Over the Moon, Richie

Two events this week would have thrilled and fascinated Mum. As I watched England’s  improbable Cricket World Cup Final victory at Lords on Sunday – super over and all – my mind went back to the first final in 1975 at the same ground. It was on my 11th birthday and I watched the game all day long, not missing a ball…until the last ten overs. Mum had invited the family for a celebratory tea and that meant we had to sit at the table in the dining room. No radio was allowed so I was forced to miss the closing overs of the West Indies’ win. I’m just about over it now. It was my day, after all!

20 years ago, the World Cup took place in England for the fourth and final time until this year’s competition. I bought tickets for Mum and I to a group game between South Africa and Pakistan at Trent Bridge. This was ten years before Mum’s diagnosis and some time before any signs of what was happening to her began to show. We set off early for the game to make sure we didn’t miss a ball, armed with copious supplies of food. Mum seemed to think she had to cater for both teams as well as the two of us. For Mum, the lunch and tea we took with us seemed every bit as important as the game itself. As is my way, I had eaten most of my share before the shine had worn off the new ball.
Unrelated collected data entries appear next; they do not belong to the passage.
(* Assume values are i.i.d. on $[0,\bar v]$ with CDF $F$ and density $f>0$, and $1 \le k < n$. Let $A$ be the efficient allocation rule. Let $v_{(k+1)}$ denote the $(k+1)$-st highest value, and define $b(0) = 0$ and, for $v > 0$, $b(v) = \mathbb E[v_{(k+1)} \mid v_i = v, A_i(\bm v) = 1]$. Define $R^D(\bm v) = \sum_{i=1}^n A_i(\bm v)\,b(v_i)$ (revenue of the discriminatory winner-pays-bid auction in its symmetric strictly increasing equilibrium) and $R^U(\bm v) = k\,v_{(k+1)}$ (revenue of the uniform $(k+1)$-st price auction). Then $\mathrm{Var}[R^D(\bm v)] \le \mathrm{Var}[R^U(\bm v)]$.
   Context: Setting: $n$ risk-neutral unit-demand bidders and $k$ identical items. The efficient allocation rule gives one item to each of the $k$ bidders with the highest values (ties, a probability-zero event, broken by any fixed rule). *)

theory Defs
  imports "HOL-Probability.Probability"
begin

definition value_dist :: "(real \<Rightarrow> real) \<Rightarrow> real \<Rightarrow> real measure" where
  "value_dist f vbar = density lborel (\<lambda>x. ennreal (f x * indicator {0..vbar} x))"

definition profile_dist :: "nat \<Rightarrow> (real \<Rightarrow> real) \<Rightarrow> real \<Rightarrow> (nat \<Rightarrow> real) measure" where
  "profile_dist n f vbar = PiM {..<n} (\<lambda>_. value_dist f vbar)"

definition eff_alloc :: "nat \<Rightarrow> nat \<Rightarrow> nat \<Rightarrow> (nat \<Rightarrow> real) \<Rightarrow> bool" where
  "eff_alloc n k i v \<longleftrightarrow> i < n \<and> card {j \<in> {..<n}. v i < v j \<or> (v j = v i \<and> j < i)} < k"

text \<open>m-th highest value (1-indexed) among v 0, ..., v (n-1).\<close>
definition order_stat :: "nat \<Rightarrow> (nat \<Rightarrow> real) \<Rightarrow> nat \<Rightarrow> real" where
  "order_stat n v m = rev (sort (map v [0..<n])) ! (m - 1)"

text \<open>b(v) = E[v_(k+1) | v_i = v, A_i = 1] for v > 0 (conditioning on v_i = v computed by
  fixing coordinate i and integrating out the other independent values); b(0) = 0.\<close>
definition bid_fn :: "nat \<Rightarrow> nat \<Rightarrow> (real \<Rightarrow> real) \<Rightarrow> real \<Rightarrow> nat \<Rightarrow> real \<Rightarrow> real" where
  "bid_fn n k f vbar i x =
     (if x \<le> 0 then 0 else
       (\<integral>w. order_stat n (w(i := x)) (k+1) * of_bool (eff_alloc n k i (w(i := x)))
          \<partial>profile_dist n f vbar)
       / measure (profile_dist n f vbar)
           {w \<in> space (profile_dist n f vbar). eff_alloc n k i (w(i := x))})"

definition rev_disc :: "nat \<Rightarrow> nat \<Rightarrow> (real \<Rightarrow> real) \<Rightarrow> real \<Rightarrow> (nat \<Rightarrow> real) \<Rightarrow> real" where
  "rev_disc n k f vbar v = (\<Sum>i<n. of_bool (eff_alloc n k i v) * bid_fn n k f vbar i (v i))"

definition rev_unif :: "nat \<Rightarrow> nat \<Rightarrow> (nat \<Rightarrow> real) \<Rightarrow> real" where
  "rev_unif n k v = real k * order_stat n v (k+1)"

definition var :: "'a measure \<Rightarrow> ('a \<Rightarrow> real) \<Rightarrow> real" where
  "var M X = (\<integral>x. (X x - (\<integral>y. X y \<partial>M))^2 \<partial>M)"

end

theory Submission
  imports Defs
begin

text \<open>Write \<open>Y = v\<^sub>(\<^sub>k\<^sub>+\<^sub>1\<^sub>)\<close> and \<open>A\<^sub>i\<close> for the allocation. Conditioning on the value of bidder i
  (integrating out the other coordinates with \<open>v\<^sub>i = x\<close> fixed), the definition of the bid says
  \<open>b(x) P[A\<^sub>i | v\<^sub>i = x] = E[Y A\<^sub>i | v\<^sub>i = x]\<close>, so \<open>E[A\<^sub>i b(v\<^sub>i)] = E[Y A\<^sub>i]\<close>; summing over i and using
  that there are exactly k winners gives \<open>E[R\<^sup>D] = k E[Y] = E[R\<^sup>U]\<close>. For second moments, Cauchy-Schwarz
  over the k winners gives \<open>(R\<^sup>D)\<^sup>2 \<le> k \<Sum>\<^sub>i A\<^sub>i b(v\<^sub>i)\<^sup>2\<close>, and Cauchy-Schwarz for the conditional
  expectation gives \<open>b(x)\<^sup>2 P[A\<^sub>i | v\<^sub>i = x] \<le> E[Y\<^sup>2 A\<^sub>i | v\<^sub>i = x]\<close>; hence
  \<open>E[(R\<^sup>D)\<^sup>2] \<le> k \<Sum>\<^sub>i E[Y\<^sup>2 A\<^sub>i] = E[(R\<^sup>U)\<^sup>2]\<close>. Equal means and ordered second moments give the claim.\<close>

section \<open>Order statistics and the number of winners\<close>

lemma insort_map: "insort (v x) (map v ys) = map v (insort_key v x ys)"
  by (induction ys) auto

lemma sort_map: "sort (map v xs) = map v (sort_key v xs)"
  by (induction xs) (auto simp: insort_map)

lemma insort_key_cong:
  "\<forall>a\<in>set (x#ys). \<forall>b\<in>set (x#ys). (f a \<le> f b) = (g a \<le> g b) \<Longrightarrow>
    insort_key f x ys = insort_key g x ys"
  by (induction ys) auto

lemma sort_key_cong:
  "\<forall>a\<in>set xs. \<forall>b\<in>set xs. (f a \<le> f b) = (g a \<le> g b) \<Longrightarrow> sort_key f xs = sort_key g xs"
  by (induction xs) (simp_all add: insort_key_cong)

definition order_stat_index :: "nat \<Rightarrow> (nat \<Rightarrow> real) \<Rightarrow> nat \<Rightarrow> nat" where
  "order_stat_index n v m = rev (sort_key v [0..<n]) ! (m - 1)"

lemma order_stat_index_less: "m - 1 < n \<Longrightarrow> order_stat_index n v m < n"
  using nth_mem[of "m - 1" "rev (sort_key v [0..<n])"] by (simp add: order_stat_index_def)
South Africa won a close, pulsating game thanks, in no small part, to some ferocious late order hitting from Lance Klusener.


I owe my love of cricket to Mum – she would stop off at Edgbaston on her way back from school in the early 1950s and spoke fondly of watching some of Warwickshire’s greats like Tom Dollery and Eric Hollies. I remember her pointing out the two – by then long-retired but still regular spectators at Warwickshire games. Eric Hollies – the man who bowled Don Bradman in his final test innings – remains one of my most-treasured cricketing autographs.

But I digress. Mum and I would spend more days at the cricket after that game at Trent Bridge but I think that day is one of my favourites. It came to mind as I watched Sunday’s final unfold.

Thirty years before South Africa and Pakistan competed for World Cup supremacy, man landed on the moon for the first time and the 50th anniversary this week would have captured Mum’s imagination. On that July morning in 1969, Mum, my sister and I were staying with my grandparents. I think we were having central heating installed at home and had temporarily moved out. Sometime around 5am, Mum woke me up. I remember it very clearly which will amuse my wife considering, these days, I can rarely remember what happened a few hours ago. I can still see her gently rousing me and leading me downstairs to watch the moon landing. It’s fair to say I was less than enthused at being awoken at such an hour but Mum told me it was something that I could say I had watched in years to come. She was right. I can picture us peering at the small black and white screen as Mum explained quite how big a deal this was.

If circumstances were different, we would reminisce about that July morning today. We can’t but the sights and sounds remains vivid. Dementia can take away the person but, for now at least, it can’t take away the warmest of memories.